→ DIRECTIONS FOR THIS TASK
Everything from the line containing "using assms(1) by" to the end of the records below should be repeated exactly, with no other lines added.

→ INFORMATION PROVIDED
lemma expected_estimated_regret_step:
  fixes hs :: "nat list"
  assumes "i\<^sub>0 \<in> I"
  defines "t \<equiv> Suc (length hs)"
  shows "(\<Sum>x\<in>I. prob hs x * estimated_regret_step i\<^sub>0 x hs)
    = (\<Sum>i\<in>I. weight_share hs i * loss i t) - loss i\<^sub>0 t
      - \<eta> / 2 * (\<Sum>i\<in>I. weight_share hs i * (loss i t)\<^sup>2 / prob_at_least hs i)"
proof -
  have swap: "(\<Sum>x\<in>I. prob hs x * (\<Sum>i\<in>I. weight_share hs i * f x i))
      = (\<Sum>i\<in>I. weight_share hs i * (\<Sum>x\<in>I. prob hs x * f x i))" for f
  proof -
    have "(\<Sum>x\<in>I. prob hs x * (\<Sum>i\<in>I. weight_share hs i * f x i))
        = (\<Sum>x\<in>I. \<Sum>i\<in>I. weight_share hs i * (prob hs x * f x i))"
      by (simp add: sum_distrib_left mult.left_commute)
    also have "\<dots> = (\<Sum>i\<in>I. weight_share hs i * (\<Sum>x\<in>I. prob hs x * f x i))"
      by (subst sum.swap) (simp add: sum_distrib_left)
    finally show ?thesis .
  qed
  have "(\<Sum>x\<in>I. prob hs x * estimated_regret_step i\<^sub>0 x hs)
      = (\<Sum>x\<in>I. prob hs x * (\<Sum>i\<in>I. weight_share hs i * loss_estimate hs x i))
        - (\<Sum>x\<in>I. prob hs x * loss_estimate hs x i\<^sub>0)
        - \<eta> / 2 * (\<Sum>x\<in>I. prob hs x * (\<Sum>i\<in>I. weight_share hs i * (loss_estimate hs x i)\<^sup>2))"
    by (simp add: estimated_regret_step_def right_diff_distrib sum_subtractf sum_distrib_left mult_ac)
  then show ?thesis
    using assms(1) by (simp add: swap expected_loss_estimate expected_loss_estimate_sq t_def)
qed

→ RESULT OF THIS TASK
    using assms(1) by (simp add: swap expected_loss_estimate expected_loss_estimate_sq t_def)
qed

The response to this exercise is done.